***** Data provided
theorem corollary1:
  fixes f0 :: "real^'p::finite \<Rightarrow> real"
    and M0 :: "real^'r::finite^'p"
    and Lam :: "(real \<times> (real^'p)) measure"
    and Q0 :: "(real^'r) measure set"
    and Qtr :: "(real^'r) measure"
    and R :: "real^'k::finite^'p"
    and F :: "(real^'p \<Rightarrow> real) set"
    and \<gamma>0 :: "real^'p \<Rightarrow> real"
    and h :: "real^'k \<Rightarrow> real"
    and fstar :: "real^'p \<Rightarrow> real"
  defines "P0 \<equiv> simdg_law f0 M0 Lam ` Q0"
    and "Ptr \<equiv> simdg_law f0 M0 Lam Qtr"
    and "I0 \<equiv> {f\<in>F. invariant_fun (simdg_law f0 M0 Lam Qtr) (simdg_law f0 M0 Lam ` Q0) f}"
  assumes f0_meas: "f0 \<in> borel_measurable borel"
    and Lam_prob: "prob_space Lam" and Lam_sets: "sets Lam = sets borel"
    and Lam_int: "integrable Lam (\<lambda>w. w)" and Lam_mean: "(\<integral>w. w \<partial>Lam) = 0"
    and Lam_sq: "integrable Lam (\<lambda>w. (norm w)\<^sup>2)"
    and Q0_prob: "\<And>Q. Q \<in> Q0 \<Longrightarrow> prob_space Q \<and> sets Q = sets borel"
    and f0_sq: "(SUP P\<in>P0. \<integral>\<^sup>+ w. ennreal ((f0 (obsX w))\<^sup>2) \<partial>P) < \<infinity>"
    and Qtr_in: "Qtr \<in> Q0"
    and Qtr_int: "integrable Qtr (\<lambda>z. z)" and Qtr_mean: "(\<integral>z. z \<partial>Qtr) = 0"
    and Qtr_int2: "\<And>i j. integrable Qtr (\<lambda>z. z $ i * z $ j)"
    and Qtr_pd: "\<And>a. a \<noteq> 0 \<Longrightarrow>
        a \<bullet> ((\<chi> i j. \<integral>z. z $ i * z $ j \<partial>Qtr) *v a) > 0"
    and R_def: "(rank M0 < CARD('p) \<and> CARD('k) = CARD('p) - rank M0
                  \<and> (\<forall>i j. column i R \<bullet> column j R = (if i = j then 1 else 0))
                  \<and> span (columns R) = {x. transpose M0 *v x = 0})
              \<or> (rank M0 = CARD('p) \<and> CARD('k) = 1 \<and> R = 0)"
    and \<gamma>0_meas: "\<gamma>0 \<in> borel_measurable borel"
    and \<gamma>0_def: "AE w in Ptr. \<gamma>0 (obsV w) = cond_exp_given Ptr obsV obsU w"
    and F_meas: "F \<subseteq> borel_measurable borel"
    and h_meas: "h \<in> borel_measurable borel"
    and h_def: "AE w in Ptr. h (transpose R *v obsX w)
                  = cond_exp_given Ptr (\<lambda>w. transpose R *v obsX w) (\<lambda>w. \<gamma>0 (obsV w)) w"
    and fstar_def: "AE w in Ptr. fstar (obsX w) = f0 (obsX w) + h (transpose R *v obsX w)"
    and fstar_I0: "fstar \<in> I0"
    and cond_i: "\<And>f g P. f \<in> F \<Longrightarrow> g \<in> F \<Longrightarrow> P \<in> P0 \<Longrightarrow>
        (AE w in Ptr. f (obsX w) = g (obsX w)) \<Longrightarrow> (AE w in P. f (obsX w) = g (obsX w))"
    and cond_ii: "(INF P\<in>P0. \<integral>\<^sup>+ w. ennreal ((cond_exp_given P (\<lambda>w. transpose R *v obsX w) (\<lambda>w. \<gamma>0 (obsV w)) w
                      - cond_exp_given P obsX (\<lambda>w. \<gamma>0 (obsV w)) w)\<^sup>2) \<partial>P) = 0"
  shows "risk Ptr fstar = (INF f\<in>I0. risk Ptr f)"
proof -
  have Q0_borel: "prob_space Q" "sets Q = sets borel" if "Q \<in> Q0" for Q
    using Q0_prob[OF that] by auto
  have "columns R \<subseteq> {x. transpose M0 *v x = 0}"
    using R_def span_superset[of "columns R"] by (auto simp: columns_def column_def zero_vec_def[symmetric])
  then have R_M0: "transpose R *v (M0 *v z) = 0" for z
    by (rule transpose_mult_eq_0_if_columns_in_kernel)
  interpret simdg_bcf f0 M0 Lam Qtr \<gamma>0 R h fstar
    using f0_meas Lam_prob Lam_sets Lam_sq Q0_borel[OF Qtr_in] \<gamma>0_meas R_M0 h_meas
      \<gamma>0_def[unfolded Ptr_def] h_def[unfolded Ptr_def] fstar_def[unfolded Ptr_def]
    by (simp add: simdg_bcf_def simdg_bcf_axioms_def simdg_training_def simdg_training_axioms_def simdg_def)
  have "risk Ptr fstar \<le> risk Ptr f" if "f \<in> I0" for f
  proof (rule ennreal_le_if_le_add_INF_zero[OF _ cond_ii])
    fix P assume "P \<in> P0"
    then obtain Q where "Q \<in> Q0" "P = law Q"
      unfolding P0_def by auto
    then show "risk Ptr fstar \<le> risk Ptr f + (\<integral>\<^sup>+w. ennreal ((cond_exp_given P (\<lambda>w. transpose R *v obsX w)
        (\<lambda>w. \<gamma>0 (obsV w)) w - cond_exp_given P obsX (\<lambda>w. \<gamma>0 (obsV w)) w)\<^sup>2) \<partial>P)"
      using \<open>f \<in> I0\<close> F_meas Q0_borel[of Q] risk_fstar_le[of Q f]
      unfolding I0_def Ptr_def invariant_fun_def by auto
  qed
  then show ?thesis
    by (intro antisym INF_greatest INF_lower fstar_I0)
qed

end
**********
Give back all the records exactly as they stand.

theorem corollary1:
  fixes f0 :: "real^'p::finite \<Rightarrow> real"
    and M0 :: "real^'r::finite^'p"
    and Lam :: "(real \<times> (real^'p)) measure"
    and Q0 :: "(real^'r) measure set"
    and Qtr :: "(real^'r) measure"
    and R :: "real^'k::finite^'p"
    and F :: "(real^'p \<Rightarrow> real) set"
    and \<gamma>0 :: "real^'p \<Rightarrow> real"
    and h :: "real^'k \<Rightarrow> real"
    and fstar :: "real^'p \<Rightarrow> real"
  defines "P0 \<equiv> simdg_law f0 M0 Lam ` Q0"
    and "Ptr \<equiv> simdg_law f0 M0 Lam Qtr"
    and "I0 \<equiv> {f\<in>F. invariant_fun (simdg_law f0 M0 Lam Qtr) (simdg_law f0 M0 Lam ` Q0) f}"
  assumes f0_meas: "f0 \<in> borel_measurable borel"
    and Lam_prob: "prob_space Lam" and Lam_sets: "sets Lam = sets borel"
    and Lam_int: "integrable Lam (\<lambda>w. w)" and Lam_mean: "(\<integral>w. w \<partial>Lam) = 0"
    and Lam_sq: "integrable Lam (\<lambda>w. (norm w)\<^sup>2)"
    and Q0_prob: "\<And>Q. Q \<in> Q0 \<Longrightarrow> prob_space Q \<and> sets Q = sets borel"
    and f0_sq: "(SUP P\<in>P0. \<integral>\<^sup>+ w. ennreal ((f0 (obsX w))\<^sup>2) \<partial>P) < \<infinity>"
    and Qtr_in: "Qtr \<in> Q0"
    and Qtr_int: "integrable Qtr (\<lambda>z. z)" and Qtr_mean: "(\<integral>z. z \<partial>Qtr) = 0"
    and Qtr_int2: "\<And>i j. integrable Qtr (\<lambda>z. z $ i * z $ j)"
    and Qtr_pd: "\<And>a. a \<noteq> 0 \<Longrightarrow>
        a \<bullet> ((\<chi> i j. \<integral>z. z $ i * z $ j \<partial>Qtr) *v a) > 0"
    and R_def: "(rank M0 < CARD('p) \<and> CARD('k) = CARD('p) - rank M0
                  \<and> (\<forall>i j. column i R \<bullet> column j R = (if i = j then 1 else 0))
                  \<and> span (columns R) = {x. transpose M0 *v x = 0})
              \<or> (rank M0 = CARD('p) \<and> CARD('k) = 1 \<and> R = 0)"
    and \<gamma>0_meas: "\<gamma>0 \<in> borel_measurable borel"
    and \<gamma>0_def: "AE w in Ptr. \<gamma>0 (obsV w) = cond_exp_given Ptr obsV obsU w"
    and F_meas: "F \<subseteq> borel_measurable borel"
    and h_meas: "h \<in> borel_measurable borel"
    and h_def: "AE w in Ptr. h (transpose R *v obsX w)
                  = cond_exp_given Ptr (\<lambda>w. transpose R *v obsX w) (\<lambda>w. \<gamma>0 (obsV w)) w"
    and fstar_def: "AE w in Ptr. fstar (obsX w) = f0 (obsX w) + h (transpose R *v obsX w)"
    and fstar_I0: "fstar \<in> I0"
    and cond_i: "\<And>f g P. f \<in> F \<Longrightarrow> g \<in> F \<Longrightarrow> P \<in> P0 \<Longrightarrow>
        (AE w in Ptr. f (obsX w) = g (obsX w)) \<Longrightarrow> (AE w in P. f (obsX w) = g (obsX w))"
    and cond_ii: "(INF P\<in>P0. \<integral>\<^sup>+ w. ennreal ((cond_exp_given P (\<lambda>w. transpose R *v obsX w) (\<lambda>w. \<gamma>0 (obsV w)) w
                      - cond_exp_given P obsX (\<lambda>w. \<gamma>0 (obsV w)) w)\<^sup>2) \<partial>P) = 0"
  shows "risk Ptr fstar = (INF f\<in>I0. risk Ptr f)"
proof -
  have Q0_borel: "prob_space Q" "sets Q = sets borel" if "Q \<in> Q0" for Q
    using Q0_prob[OF that] by auto
  have "columns R \<subseteq> {x. transpose M0 *v x = 0}"
    using R_def span_superset[of "columns R"] by (auto simp: columns_def column_def zero_vec_def[symmetric])
  then have R_M0: "transpose R *v (M0 *v z) = 0" for z
    by (rule transpose_mult_eq_0_if_columns_in_kernel)
  interpret simdg_bcf f0 M0 Lam Qtr \<gamma>0 R h fstar
    using f0_meas Lam_prob Lam_sets Lam_sq Q0_borel[OF Qtr_in] \<gamma>0_meas R_M0 h_meas
      \<gamma>0_def[unfolded Ptr_def] h_def[unfolded Ptr_def] fstar_def[unfolded Ptr_def]
    by (simp add: simdg_bcf_def simdg_bcf_axioms_def simdg_training_def simdg_training_axioms_def simdg_def)
  have "risk Ptr fstar \<le> risk Ptr f" if "f \<in> I0" for f
  proof (rule ennreal_le_if_le_add_INF_zero[OF _ cond_ii])
    fix P assume "P \<in> P0"
    then obtain Q where "Q \<in> Q0" "P = law Q"
      unfolding P0_def by auto
    then show "risk Ptr fstar \<le> risk Ptr f + (\<integral>\<^sup>+w. ennreal ((cond_exp_given P (\<lambda>w. transpose R *v obsX w)
        (\<lambda>w. \<gamma>0 (obsV w)) w - cond_exp_given P obsX (\<lambda>w. \<gamma>0 (obsV w)) w)\<^sup>2) \<partial>P)"
      using \<open>f \<in> I0\<close> F_meas Q0_borel[of Q] risk_fstar_le[of Q f]
      unfolding I0_def Ptr_def invariant_fun_def by auto
  qed
  then show ?thesis
    by (intro antisym INF_greatest INF_lower fstar_I0)
qed

end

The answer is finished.